### Exercise brief
From the entries below, pull out each line where "then" appears.

### Task inputs
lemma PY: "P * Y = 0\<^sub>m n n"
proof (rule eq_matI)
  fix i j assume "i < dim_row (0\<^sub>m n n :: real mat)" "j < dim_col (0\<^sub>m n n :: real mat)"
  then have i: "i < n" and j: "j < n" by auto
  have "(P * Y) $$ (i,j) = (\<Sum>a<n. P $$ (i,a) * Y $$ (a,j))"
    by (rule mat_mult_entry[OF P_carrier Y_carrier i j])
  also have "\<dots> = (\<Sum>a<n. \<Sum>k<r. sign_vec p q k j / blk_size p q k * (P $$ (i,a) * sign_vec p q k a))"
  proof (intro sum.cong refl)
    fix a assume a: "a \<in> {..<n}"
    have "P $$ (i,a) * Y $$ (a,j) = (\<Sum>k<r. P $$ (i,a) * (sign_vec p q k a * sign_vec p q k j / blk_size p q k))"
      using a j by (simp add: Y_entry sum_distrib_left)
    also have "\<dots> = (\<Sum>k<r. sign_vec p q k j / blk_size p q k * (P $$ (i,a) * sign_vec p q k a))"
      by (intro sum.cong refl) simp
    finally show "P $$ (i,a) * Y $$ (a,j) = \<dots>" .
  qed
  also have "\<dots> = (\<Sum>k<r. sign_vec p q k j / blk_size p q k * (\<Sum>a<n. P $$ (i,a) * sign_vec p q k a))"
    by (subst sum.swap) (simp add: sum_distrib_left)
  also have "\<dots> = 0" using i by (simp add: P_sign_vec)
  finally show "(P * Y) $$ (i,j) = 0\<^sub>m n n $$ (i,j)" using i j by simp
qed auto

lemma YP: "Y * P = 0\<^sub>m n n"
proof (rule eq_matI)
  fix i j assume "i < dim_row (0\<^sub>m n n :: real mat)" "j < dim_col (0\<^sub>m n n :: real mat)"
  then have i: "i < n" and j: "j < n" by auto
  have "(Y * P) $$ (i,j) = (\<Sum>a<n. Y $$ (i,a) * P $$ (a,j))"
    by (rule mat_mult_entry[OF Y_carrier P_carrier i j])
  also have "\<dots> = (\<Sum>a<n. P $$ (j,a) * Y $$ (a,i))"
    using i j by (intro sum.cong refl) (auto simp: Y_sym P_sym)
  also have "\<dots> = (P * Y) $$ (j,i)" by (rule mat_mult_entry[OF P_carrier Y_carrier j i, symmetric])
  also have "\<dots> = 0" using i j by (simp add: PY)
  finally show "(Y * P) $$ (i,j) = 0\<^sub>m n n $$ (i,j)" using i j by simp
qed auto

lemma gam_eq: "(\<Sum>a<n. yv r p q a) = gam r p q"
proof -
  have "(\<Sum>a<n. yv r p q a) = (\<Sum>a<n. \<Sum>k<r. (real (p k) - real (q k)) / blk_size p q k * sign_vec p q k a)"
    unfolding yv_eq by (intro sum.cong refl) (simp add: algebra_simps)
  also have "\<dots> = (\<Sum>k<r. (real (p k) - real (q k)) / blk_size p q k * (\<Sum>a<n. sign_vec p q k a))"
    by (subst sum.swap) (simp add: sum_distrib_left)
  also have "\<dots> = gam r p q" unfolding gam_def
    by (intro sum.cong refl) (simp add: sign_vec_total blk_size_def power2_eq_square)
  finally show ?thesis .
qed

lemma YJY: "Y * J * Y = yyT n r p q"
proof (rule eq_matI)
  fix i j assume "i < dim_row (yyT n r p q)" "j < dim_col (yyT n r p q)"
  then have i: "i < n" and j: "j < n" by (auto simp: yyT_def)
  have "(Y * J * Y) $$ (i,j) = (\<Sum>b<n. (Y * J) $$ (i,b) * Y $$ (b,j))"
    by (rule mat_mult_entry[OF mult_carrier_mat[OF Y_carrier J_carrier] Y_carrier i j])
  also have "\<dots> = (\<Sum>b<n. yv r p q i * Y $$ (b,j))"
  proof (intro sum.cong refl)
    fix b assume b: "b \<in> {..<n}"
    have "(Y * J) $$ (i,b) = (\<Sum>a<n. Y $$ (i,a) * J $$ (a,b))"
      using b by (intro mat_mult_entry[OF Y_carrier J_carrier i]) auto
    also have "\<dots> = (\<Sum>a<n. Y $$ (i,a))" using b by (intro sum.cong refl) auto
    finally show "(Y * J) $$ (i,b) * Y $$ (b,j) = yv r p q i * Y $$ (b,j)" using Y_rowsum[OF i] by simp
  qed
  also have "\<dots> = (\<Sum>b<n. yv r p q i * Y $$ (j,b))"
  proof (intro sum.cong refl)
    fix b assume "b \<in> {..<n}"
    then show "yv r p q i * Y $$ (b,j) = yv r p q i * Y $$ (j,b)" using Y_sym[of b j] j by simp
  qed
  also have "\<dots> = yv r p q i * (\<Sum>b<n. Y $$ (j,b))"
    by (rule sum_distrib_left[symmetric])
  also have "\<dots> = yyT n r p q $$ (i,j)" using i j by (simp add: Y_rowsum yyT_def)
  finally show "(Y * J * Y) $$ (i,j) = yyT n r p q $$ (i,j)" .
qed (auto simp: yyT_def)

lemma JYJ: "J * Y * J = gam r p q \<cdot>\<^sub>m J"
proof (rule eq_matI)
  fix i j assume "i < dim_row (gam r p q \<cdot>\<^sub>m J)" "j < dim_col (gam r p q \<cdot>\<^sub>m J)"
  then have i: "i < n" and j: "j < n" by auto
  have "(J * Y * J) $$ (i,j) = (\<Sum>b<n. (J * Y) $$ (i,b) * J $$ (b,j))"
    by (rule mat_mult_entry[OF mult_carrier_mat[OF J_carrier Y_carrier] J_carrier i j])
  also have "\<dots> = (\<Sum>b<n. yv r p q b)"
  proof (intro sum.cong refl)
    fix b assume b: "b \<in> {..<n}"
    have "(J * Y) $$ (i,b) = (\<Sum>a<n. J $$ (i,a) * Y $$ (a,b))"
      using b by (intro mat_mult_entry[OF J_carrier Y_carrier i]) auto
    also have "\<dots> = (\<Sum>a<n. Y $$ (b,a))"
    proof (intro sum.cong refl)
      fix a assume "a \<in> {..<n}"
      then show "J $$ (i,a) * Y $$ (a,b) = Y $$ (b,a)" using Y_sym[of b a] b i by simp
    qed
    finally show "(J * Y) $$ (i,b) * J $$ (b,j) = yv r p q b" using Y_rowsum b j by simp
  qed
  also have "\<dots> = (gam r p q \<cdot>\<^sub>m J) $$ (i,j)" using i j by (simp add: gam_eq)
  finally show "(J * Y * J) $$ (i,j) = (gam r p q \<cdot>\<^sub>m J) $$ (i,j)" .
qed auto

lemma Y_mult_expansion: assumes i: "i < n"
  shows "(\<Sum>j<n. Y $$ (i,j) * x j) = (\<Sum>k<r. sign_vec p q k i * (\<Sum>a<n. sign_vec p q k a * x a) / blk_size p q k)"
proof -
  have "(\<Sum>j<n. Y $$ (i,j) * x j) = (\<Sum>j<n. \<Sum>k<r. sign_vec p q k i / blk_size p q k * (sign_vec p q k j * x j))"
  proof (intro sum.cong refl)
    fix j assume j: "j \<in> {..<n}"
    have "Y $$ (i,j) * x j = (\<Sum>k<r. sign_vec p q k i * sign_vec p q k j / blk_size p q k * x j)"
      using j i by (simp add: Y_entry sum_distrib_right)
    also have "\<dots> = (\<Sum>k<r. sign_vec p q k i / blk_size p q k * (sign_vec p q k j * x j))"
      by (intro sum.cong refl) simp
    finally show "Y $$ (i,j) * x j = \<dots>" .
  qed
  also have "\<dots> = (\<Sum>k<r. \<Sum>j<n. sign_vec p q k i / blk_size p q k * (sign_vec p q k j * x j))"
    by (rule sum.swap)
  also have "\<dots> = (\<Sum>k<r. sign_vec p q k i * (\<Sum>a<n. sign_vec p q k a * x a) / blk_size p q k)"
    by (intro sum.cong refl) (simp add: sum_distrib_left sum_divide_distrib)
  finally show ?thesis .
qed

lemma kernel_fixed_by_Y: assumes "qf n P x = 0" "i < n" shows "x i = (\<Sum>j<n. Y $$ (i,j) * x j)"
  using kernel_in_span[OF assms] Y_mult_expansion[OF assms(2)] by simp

==

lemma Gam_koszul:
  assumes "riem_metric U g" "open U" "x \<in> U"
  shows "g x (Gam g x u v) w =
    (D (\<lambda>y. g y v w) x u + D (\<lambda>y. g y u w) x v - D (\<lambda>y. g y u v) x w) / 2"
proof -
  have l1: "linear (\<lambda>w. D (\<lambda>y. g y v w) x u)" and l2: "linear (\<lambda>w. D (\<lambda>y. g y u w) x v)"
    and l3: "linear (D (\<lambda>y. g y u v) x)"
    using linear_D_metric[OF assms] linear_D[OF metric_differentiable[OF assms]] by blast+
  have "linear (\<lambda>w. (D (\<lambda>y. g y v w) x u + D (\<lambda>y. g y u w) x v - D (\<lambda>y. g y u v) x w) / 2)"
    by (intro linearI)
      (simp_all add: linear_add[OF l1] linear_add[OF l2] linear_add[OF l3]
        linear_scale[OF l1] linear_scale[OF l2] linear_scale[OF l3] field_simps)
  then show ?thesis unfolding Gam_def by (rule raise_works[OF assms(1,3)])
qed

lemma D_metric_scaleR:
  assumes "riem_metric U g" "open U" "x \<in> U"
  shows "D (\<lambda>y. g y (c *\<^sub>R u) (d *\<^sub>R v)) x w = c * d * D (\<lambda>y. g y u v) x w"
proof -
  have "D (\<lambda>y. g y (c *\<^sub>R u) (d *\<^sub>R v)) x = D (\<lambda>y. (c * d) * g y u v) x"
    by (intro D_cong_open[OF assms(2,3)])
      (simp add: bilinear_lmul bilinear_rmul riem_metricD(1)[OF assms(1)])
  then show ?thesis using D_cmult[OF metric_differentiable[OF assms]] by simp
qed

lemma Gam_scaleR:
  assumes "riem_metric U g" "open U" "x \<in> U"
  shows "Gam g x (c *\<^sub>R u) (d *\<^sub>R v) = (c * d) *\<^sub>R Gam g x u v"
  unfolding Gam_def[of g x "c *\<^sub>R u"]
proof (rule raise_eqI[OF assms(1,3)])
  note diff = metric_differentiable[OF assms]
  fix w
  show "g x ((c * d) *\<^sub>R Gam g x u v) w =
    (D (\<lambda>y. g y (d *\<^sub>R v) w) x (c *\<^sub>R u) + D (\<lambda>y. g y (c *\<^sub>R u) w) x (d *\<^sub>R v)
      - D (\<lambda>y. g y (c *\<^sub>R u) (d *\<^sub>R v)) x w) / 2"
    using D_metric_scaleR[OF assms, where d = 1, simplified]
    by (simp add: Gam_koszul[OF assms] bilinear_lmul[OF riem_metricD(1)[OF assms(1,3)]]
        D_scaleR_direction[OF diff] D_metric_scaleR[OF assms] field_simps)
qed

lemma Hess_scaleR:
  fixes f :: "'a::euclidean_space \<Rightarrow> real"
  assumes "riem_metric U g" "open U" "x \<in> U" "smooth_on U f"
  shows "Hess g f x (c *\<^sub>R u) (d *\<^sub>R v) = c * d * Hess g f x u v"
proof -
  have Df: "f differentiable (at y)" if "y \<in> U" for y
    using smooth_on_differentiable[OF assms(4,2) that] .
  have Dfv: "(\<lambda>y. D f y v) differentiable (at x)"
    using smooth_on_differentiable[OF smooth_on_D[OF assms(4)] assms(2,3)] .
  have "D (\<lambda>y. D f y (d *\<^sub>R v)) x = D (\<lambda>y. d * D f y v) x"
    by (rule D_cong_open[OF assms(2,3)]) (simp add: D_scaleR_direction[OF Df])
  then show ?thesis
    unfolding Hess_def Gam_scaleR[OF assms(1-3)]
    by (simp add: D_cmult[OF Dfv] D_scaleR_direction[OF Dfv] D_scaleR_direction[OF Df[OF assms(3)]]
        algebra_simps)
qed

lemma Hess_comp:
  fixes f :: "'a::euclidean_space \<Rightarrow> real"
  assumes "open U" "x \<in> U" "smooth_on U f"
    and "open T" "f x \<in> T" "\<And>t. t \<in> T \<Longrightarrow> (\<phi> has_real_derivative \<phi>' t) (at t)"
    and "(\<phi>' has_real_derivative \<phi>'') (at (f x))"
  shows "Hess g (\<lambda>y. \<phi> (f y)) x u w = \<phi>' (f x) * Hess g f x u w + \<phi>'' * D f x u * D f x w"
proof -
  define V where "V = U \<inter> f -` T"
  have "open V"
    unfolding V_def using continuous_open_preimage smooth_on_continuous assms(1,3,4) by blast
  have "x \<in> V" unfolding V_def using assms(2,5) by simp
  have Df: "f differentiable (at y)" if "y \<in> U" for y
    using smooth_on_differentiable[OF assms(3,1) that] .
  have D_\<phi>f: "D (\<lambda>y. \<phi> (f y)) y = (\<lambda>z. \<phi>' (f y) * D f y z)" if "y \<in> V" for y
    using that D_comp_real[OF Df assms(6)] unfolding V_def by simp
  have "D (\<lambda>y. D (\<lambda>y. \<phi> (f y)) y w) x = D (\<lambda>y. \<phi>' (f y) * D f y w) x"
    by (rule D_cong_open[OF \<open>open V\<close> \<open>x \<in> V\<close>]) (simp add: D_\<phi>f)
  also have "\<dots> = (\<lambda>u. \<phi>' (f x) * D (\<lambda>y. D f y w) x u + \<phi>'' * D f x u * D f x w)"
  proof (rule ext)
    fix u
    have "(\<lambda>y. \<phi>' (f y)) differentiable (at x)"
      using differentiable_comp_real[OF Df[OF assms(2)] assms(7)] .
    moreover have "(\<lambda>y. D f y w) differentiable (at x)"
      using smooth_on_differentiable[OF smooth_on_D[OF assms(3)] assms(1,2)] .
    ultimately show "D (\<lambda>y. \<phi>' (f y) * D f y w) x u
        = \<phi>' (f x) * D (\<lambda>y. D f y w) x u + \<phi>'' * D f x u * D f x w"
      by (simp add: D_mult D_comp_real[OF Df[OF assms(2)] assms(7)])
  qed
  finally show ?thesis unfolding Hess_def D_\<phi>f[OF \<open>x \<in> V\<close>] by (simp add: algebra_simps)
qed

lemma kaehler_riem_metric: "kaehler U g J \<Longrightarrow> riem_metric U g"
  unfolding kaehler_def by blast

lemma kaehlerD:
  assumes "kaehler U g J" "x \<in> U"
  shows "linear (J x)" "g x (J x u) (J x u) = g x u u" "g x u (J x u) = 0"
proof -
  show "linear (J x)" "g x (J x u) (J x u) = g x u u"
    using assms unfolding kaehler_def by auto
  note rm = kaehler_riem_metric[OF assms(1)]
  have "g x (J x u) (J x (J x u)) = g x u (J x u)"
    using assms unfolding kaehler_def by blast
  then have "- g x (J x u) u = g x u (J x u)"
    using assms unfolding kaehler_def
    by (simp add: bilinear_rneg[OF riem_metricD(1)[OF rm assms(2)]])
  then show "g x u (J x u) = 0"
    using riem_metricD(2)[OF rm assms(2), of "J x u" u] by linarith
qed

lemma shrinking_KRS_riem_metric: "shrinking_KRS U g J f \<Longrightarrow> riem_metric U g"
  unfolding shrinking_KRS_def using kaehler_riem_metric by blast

### Your solution
  then have i: "i < n" and j: "j < n" by auto
  then have i: "i < n" and j: "j < n" by auto
  then have i: "i < n" and j: "j < n" by (auto simp: yyT_def)
    then show "yv r p q i * Y $$ (b,j) = yv r p q i * Y $$ (j,b)" using Y_sym[of b j] j by simp
  then have i: "i < n" and j: "j < n" by auto
      then show "J $$ (i,a) * Y $$ (a,b) = Y $$ (b,a)" using Y_sym[of b a] b i by simp
  then show ?thesis unfolding Gam_def by (rule raise_works[OF assms(1,3)])
  then show ?thesis using D_cmult[OF metric_differentiable[OF assms]] by simp
  then show ?thesis
  then have "- g x (J x u) u = g x u (J x u)"
  then show "g x u (J x u) = 0"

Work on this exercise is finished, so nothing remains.